Set all of the entries down again precisely as they are written.

+--

(* Let $\alpha\in(0,1)$ and let $(X_1,Y_1),\dots,(X_n,Y_n),(X_{n+1},Y_{n+1})$ be exchangeable random pairs in $\mathcal{X}\times\mathbb{R}$. Split the indices into a training set $\{1,\dots,n_0\}$ and a calibration set $\{n_0+1,\dots,n\}$ with $n_1=n-n_0\ge 1$. Suppose a family of prediction bands $\{[\hat q_{\mathrm{lo}}(x,t),\hat q_{\mathrm{hi}}(x,t)]\}_{t\in\mathcal{T}}$ is constructed by either of the two methods below (UACQR-S or UACQR-P) and define $$\hat t=\inf\Big\{t\in\mathcal{T}:\ \sum_{i=n_0+1}^{n}\mathbf{1}\{\hat q_{\mathrm{lo}}(X_i,t)\le Y_i\le \hat q_{\mathrm{hi}}(X_i,t)\}\ \ge (1-\alpha)(n_1+1)\Big\},$$ and $\hat C_n(X_{n+1})=[\hat q_{\mathrm{lo}}(X_{n+1},\hat t),\hat q_{\mathrm{hi}}(X_{n+1},\hat t)]$ (with $\hat C_n(X_{n+1})=\mathbb{R}$ if the set over which the infimum is taken is empty). UACQR-S: $\mathcal{T}=\mathbb{R}$ and $$\hat q_{\mathrm{lo}}(x,t)=\hat q_{Y\mid X}(x,\alpha_{\mathrm{lo}})-t\,\hat g_{\mathrm{lo}}(x),\qquad \hat q_{\mathrm{hi}}(x,t)=\hat q_{Y\mid X}(x,\alpha_{\mathrm{hi}})+t\,\hat g_{\mathrm{hi}}(x),$$ where $\hat q_{Y\mid X}(\cdot,\alpha_{\mathrm{lo}}),\hat q_{Y\mid X}(\cdot,\alpha_{\mathrm{hi}}):\mathcal{X}\to\mathbb{R}$ are any functions and $\hat g_{\mathrm{lo}},\hat g_{\mathrm{hi}}:\mathcal{X}\to(0,\infty)$ are any strictly positive functions, all fitted using only the training data $\{(X_i,Y_i)\}_{i\le n_0}$ (and possibly independent auxiliary randomness). UACQR-P: given functions $\hat q^b_{Y\mid X}(\cdot,a):\mathcal{X}\to\mathbb{R}$ for $b=1,\dots,B$ and $a\in\{\alpha_{\mathrm{lo}},\alpha_{\mathrm{hi}}\}$, fitted using only the training data (and possibly independent auxiliary randomness), let $\hat q^{(1)}_{Y\mid X}(x,a)\le\dots\le\hat q^{(B)}_{Y\mid X}(x,a)$ be their order statistics at each $x$, set $\hat q^{(0)}_{Y\mid X}(x,a)=-\infty$, $\hat q^{(B+1)}_{Y\mid X}(x,a)=+\infty$, take $\mathcal{T}=\{0,1,\dots,B+1\}$ and $$\hat q_{\mathrm{lo}}(x,t)=\hat q^{(B+1-t)}_{Y\mid X}(x,\alpha_{\mathrm{lo}}),\qquad \hat q_{\mathrm{hi}}(x,t)=\hat q^{(t)}_{Y\mid X}(x,\alpha_{\mathrm{hi}}).$$ Then in both cases $\mathbb{P}\{Y_{n+1}\in\hat C_n(X_{n+1})\}\ge 1-\alpha$.
   Context: $\alpha_{\mathrm{lo}},\alpha_{\mathrm{hi}}\in(0,1)$ are fixed target quantile levels (e.g. $\alpha/2$ and $1-\alpha/2$); the fitted functions are interpreted as estimates of conditional quantiles of $Y$ given $X$ (and $\hat g$ as estimates of their standard deviation), but no accuracy property is assumed. An interval $[a,b]$ with $a>b$ is empty, and an interval with endpoints $-\infty,+\infty$ is $\mathbb{R}$. Probability is over the joint draw of all $n+1$ data points and any auxiliary randomness. *)

theory Defs
  imports "HOL-Probability.Probability" "HOL-Combinatorics.Permutations"
begin

definition cov_count ::
  "('x \<Rightarrow> 't \<Rightarrow> ereal) \<Rightarrow> ('x \<Rightarrow> 't \<Rightarrow> ereal) \<Rightarrow> nat \<Rightarrow> nat
     \<Rightarrow> (nat \<Rightarrow> 'x) \<Rightarrow> (nat \<Rightarrow> real) \<Rightarrow> 't \<Rightarrow> nat" where
  "cov_count lo hi n0 n xs ys t =
     card {i \<in> {n0<..n}. lo (xs i) t \<le> ereal (ys i) \<and> ereal (ys i) \<le> hi (xs i) t}"

definition conf_set ::
  "'t::conditionally_complete_linorder set \<Rightarrow> ('x \<Rightarrow> 't \<Rightarrow> ereal) \<Rightarrow> ('x \<Rightarrow> 't \<Rightarrow> ereal)
     \<Rightarrow> nat \<Rightarrow> nat \<Rightarrow> real \<Rightarrow> (nat \<Rightarrow> 'x) \<Rightarrow> (nat \<Rightarrow> real) \<Rightarrow> 'x \<Rightarrow> real set" where
  "conf_set T lo hi n0 n \<alpha> xs ys x =
     (let S = {t \<in> T. real (cov_count lo hi n0 n xs ys t) \<ge> (1 - \<alpha>) * (real (n - n0) + 1)}
      in if S = {} then UNIV
         else {y. lo x (Inf S) \<le> ereal y \<and> ereal y \<le> hi x (Inf S)})"

definition uacqrS_set ::
  "('x \<Rightarrow> real) \<Rightarrow> ('x \<Rightarrow> real) \<Rightarrow> ('x \<Rightarrow> real) \<Rightarrow> ('x \<Rightarrow> real)
     \<Rightarrow> nat \<Rightarrow> nat \<Rightarrow> real \<Rightarrow> (nat \<Rightarrow> 'x) \<Rightarrow> (nat \<Rightarrow> real) \<Rightarrow> 'x \<Rightarrow> real set" where
  "uacqrS_set qlo qhi glo ghi n0 n \<alpha> xs ys x =
     conf_set (UNIV :: real set)
       (\<lambda>x t. ereal (qlo x - t * glo x)) (\<lambda>x t. ereal (qhi x + t * ghi x)) n0 n \<alpha> xs ys x"

definition ord_stat :: "nat \<Rightarrow> (nat \<Rightarrow> real) \<Rightarrow> nat \<Rightarrow> ereal" where
  "ord_stat B v k =
     (if k = 0 then -\<infinity> else if k \<ge> B + 1 then \<infinity>
      else ereal (sort (map v [1..<B+1]) ! (k - 1)))"

definition uacqrP_set ::
  "nat \<Rightarrow> (nat \<Rightarrow> 'x \<Rightarrow> real) \<Rightarrow> (nat \<Rightarrow> 'x \<Rightarrow> real)
     \<Rightarrow> nat \<Rightarrow> nat \<Rightarrow> real \<Rightarrow> (nat \<Rightarrow> 'x) \<Rightarrow> (nat \<Rightarrow> real) \<Rightarrow> 'x \<Rightarrow> real set" where
  "uacqrP_set B qblo qbhi n0 n \<alpha> xs ys x =
     conf_set ({0..B+1} :: nat set)
       (\<lambda>x t. ord_stat B (\<lambda>b. qblo b x) (B + 1 - t))
       (\<lambda>x t. ord_stat B (\<lambda>b. qbhi b x) t) n0 n \<alpha> xs ys x"

end

theory Submission
  imports Defs
begin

+--

* RESULT BELOW:
(* Let $\alpha\in(0,1)$ and let $(X_1,Y_1),\dots,(X_n,Y_n),(X_{n+1},Y_{n+1})$ be exchangeable random pairs in $\mathcal{X}\times\mathbb{R}$. Split the indices into a training set $\{1,\dots,n_0\}$ and a calibration set $\{n_0+1,\dots,n\}$ with $n_1=n-n_0\ge 1$. Suppose a family of prediction bands $\{[\hat q_{\mathrm{lo}}(x,t),\hat q_{\mathrm{hi}}(x,t)]\}_{t\in\mathcal{T}}$ is constructed by either of the two methods below (UACQR-S or UACQR-P) and define $$\hat t=\inf\Big\{t\in\mathcal{T}:\ \sum_{i=n_0+1}^{n}\mathbf{1}\{\hat q_{\mathrm{lo}}(X_i,t)\le Y_i\le \hat q_{\mathrm{hi}}(X_i,t)\}\ \ge (1-\alpha)(n_1+1)\Big\},$$ and $\hat C_n(X_{n+1})=[\hat q_{\mathrm{lo}}(X_{n+1},\hat t),\hat q_{\mathrm{hi}}(X_{n+1},\hat t)]$ (with $\hat C_n(X_{n+1})=\mathbb{R}$ if the set over which the infimum is taken is empty). UACQR-S: $\mathcal{T}=\mathbb{R}$ and $$\hat q_{\mathrm{lo}}(x,t)=\hat q_{Y\mid X}(x,\alpha_{\mathrm{lo}})-t\,\hat g_{\mathrm{lo}}(x),\qquad \hat q_{\mathrm{hi}}(x,t)=\hat q_{Y\mid X}(x,\alpha_{\mathrm{hi}})+t\,\hat g_{\mathrm{hi}}(x),$$ where $\hat q_{Y\mid X}(\cdot,\alpha_{\mathrm{lo}}),\hat q_{Y\mid X}(\cdot,\alpha_{\mathrm{hi}}):\mathcal{X}\to\mathbb{R}$ are any functions and $\hat g_{\mathrm{lo}},\hat g_{\mathrm{hi}}:\mathcal{X}\to(0,\infty)$ are any strictly positive functions, all fitted using only the training data $\{(X_i,Y_i)\}_{i\le n_0}$ (and possibly independent auxiliary randomness). UACQR-P: given functions $\hat q^b_{Y\mid X}(\cdot,a):\mathcal{X}\to\mathbb{R}$ for $b=1,\dots,B$ and $a\in\{\alpha_{\mathrm{lo}},\alpha_{\mathrm{hi}}\}$, fitted using only the training data (and possibly independent auxiliary randomness), let $\hat q^{(1)}_{Y\mid X}(x,a)\le\dots\le\hat q^{(B)}_{Y\mid X}(x,a)$ be their order statistics at each $x$, set $\hat q^{(0)}_{Y\mid X}(x,a)=-\infty$, $\hat q^{(B+1)}_{Y\mid X}(x,a)=+\infty$, take $\mathcal{T}=\{0,1,\dots,B+1\}$ and $$\hat q_{\mathrm{lo}}(x,t)=\hat q^{(B+1-t)}_{Y\mid X}(x,\alpha_{\mathrm{lo}}),\qquad \hat q_{\mathrm{hi}}(x,t)=\hat q^{(t)}_{Y\mid X}(x,\alpha_{\mathrm{hi}}).$$ Then in both cases $\mathbb{P}\{Y_{n+1}\in\hat C_n(X_{n+1})\}\ge 1-\alpha$.
   Context: $\alpha_{\mathrm{lo}},\alpha_{\mathrm{hi}}\in(0,1)$ are fixed target quantile levels (e.g. $\alpha/2$ and $1-\alpha/2$); the fitted functions are interpreted as estimates of conditional quantiles of $Y$ given $X$ (and $\hat g$ as estimates of their standard deviation), but no accuracy property is assumed. An interval $[a,b]$ with $a>b$ is empty, and an interval with endpoints $-\infty,+\infty$ is $\mathbb{R}$. Probability is over the joint draw of all $n+1$ data points and any auxiliary randomness. *)

theory Defs
  imports "HOL-Probability.Probability" "HOL-Combinatorics.Permutations"
begin

definition cov_count ::
  "('x \<Rightarrow> 't \<Rightarrow> ereal) \<Rightarrow> ('x \<Rightarrow> 't \<Rightarrow> ereal) \<Rightarrow> nat \<Rightarrow> nat
     \<Rightarrow> (nat \<Rightarrow> 'x) \<Rightarrow> (nat \<Rightarrow> real) \<Rightarrow> 't \<Rightarrow> nat" where
  "cov_count lo hi n0 n xs ys t =
     card {i \<in> {n0<..n}. lo (xs i) t \<le> ereal (ys i) \<and> ereal (ys i) \<le> hi (xs i) t}"

definition conf_set ::
  "'t::conditionally_complete_linorder set \<Rightarrow> ('x \<Rightarrow> 't \<Rightarrow> ereal) \<Rightarrow> ('x \<Rightarrow> 't \<Rightarrow> ereal)
     \<Rightarrow> nat \<Rightarrow> nat \<Rightarrow> real \<Rightarrow> (nat \<Rightarrow> 'x) \<Rightarrow> (nat \<Rightarrow> real) \<Rightarrow> 'x \<Rightarrow> real set" where
  "conf_set T lo hi n0 n \<alpha> xs ys x =
     (let S = {t \<in> T. real (cov_count lo hi n0 n xs ys t) \<ge> (1 - \<alpha>) * (real (n - n0) + 1)}
      in if S = {} then UNIV
         else {y. lo x (Inf S) \<le> ereal y \<and> ereal y \<le> hi x (Inf S)})"

definition uacqrS_set ::
  "('x \<Rightarrow> real) \<Rightarrow> ('x \<Rightarrow> real) \<Rightarrow> ('x \<Rightarrow> real) \<Rightarrow> ('x \<Rightarrow> real)
     \<Rightarrow> nat \<Rightarrow> nat \<Rightarrow> real \<Rightarrow> (nat \<Rightarrow> 'x) \<Rightarrow> (nat \<Rightarrow> real) \<Rightarrow> 'x \<Rightarrow> real set" where
  "uacqrS_set qlo qhi glo ghi n0 n \<alpha> xs ys x =
     conf_set (UNIV :: real set)
       (\<lambda>x t. ereal (qlo x - t * glo x)) (\<lambda>x t. ereal (qhi x + t * ghi x)) n0 n \<alpha> xs ys x"

definition ord_stat :: "nat \<Rightarrow> (nat \<Rightarrow> real) \<Rightarrow> nat \<Rightarrow> ereal" where
  "ord_stat B v k =
     (if k = 0 then -\<infinity> else if k \<ge> B + 1 then \<infinity>
      else ereal (sort (map v [1..<B+1]) ! (k - 1)))"

definition uacqrP_set ::
  "nat \<Rightarrow> (nat \<Rightarrow> 'x \<Rightarrow> real) \<Rightarrow> (nat \<Rightarrow> 'x \<Rightarrow> real)
     \<Rightarrow> nat \<Rightarrow> nat \<Rightarrow> real \<Rightarrow> (nat \<Rightarrow> 'x) \<Rightarrow> (nat \<Rightarrow> real) \<Rightarrow> 'x \<Rightarrow> real set" where
  "uacqrP_set B qblo qbhi n0 n \<alpha> xs ys x =
     conf_set ({0..B+1} :: nat set)
       (\<lambda>x t. ord_stat B (\<lambda>b. qblo b x) (B + 1 - t))
       (\<lambda>x t. ord_stat B (\<lambda>b. qbhi b x) t) n0 n \<alpha> xs ys x"

end

theory Submission
  imports Defs
begin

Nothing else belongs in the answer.